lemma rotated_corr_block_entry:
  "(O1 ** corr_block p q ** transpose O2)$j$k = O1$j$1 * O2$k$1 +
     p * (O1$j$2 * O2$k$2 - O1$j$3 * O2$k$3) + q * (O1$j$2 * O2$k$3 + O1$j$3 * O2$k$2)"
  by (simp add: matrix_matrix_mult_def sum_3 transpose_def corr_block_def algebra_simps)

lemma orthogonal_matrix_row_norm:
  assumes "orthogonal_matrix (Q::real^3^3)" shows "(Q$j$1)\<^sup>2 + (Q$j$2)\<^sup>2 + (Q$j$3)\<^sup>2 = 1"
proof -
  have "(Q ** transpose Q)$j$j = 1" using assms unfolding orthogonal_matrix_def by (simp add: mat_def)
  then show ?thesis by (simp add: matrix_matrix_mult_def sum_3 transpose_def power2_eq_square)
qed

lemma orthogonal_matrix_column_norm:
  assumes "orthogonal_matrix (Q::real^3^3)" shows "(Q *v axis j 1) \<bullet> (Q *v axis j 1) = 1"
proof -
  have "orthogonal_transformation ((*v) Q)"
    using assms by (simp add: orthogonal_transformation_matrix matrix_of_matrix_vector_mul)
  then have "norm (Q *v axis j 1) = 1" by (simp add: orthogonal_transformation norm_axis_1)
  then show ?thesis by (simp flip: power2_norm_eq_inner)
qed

--

Work required: Report the number of lines in the listing that hold the string "real", and nothing else.

Finished exercise: 2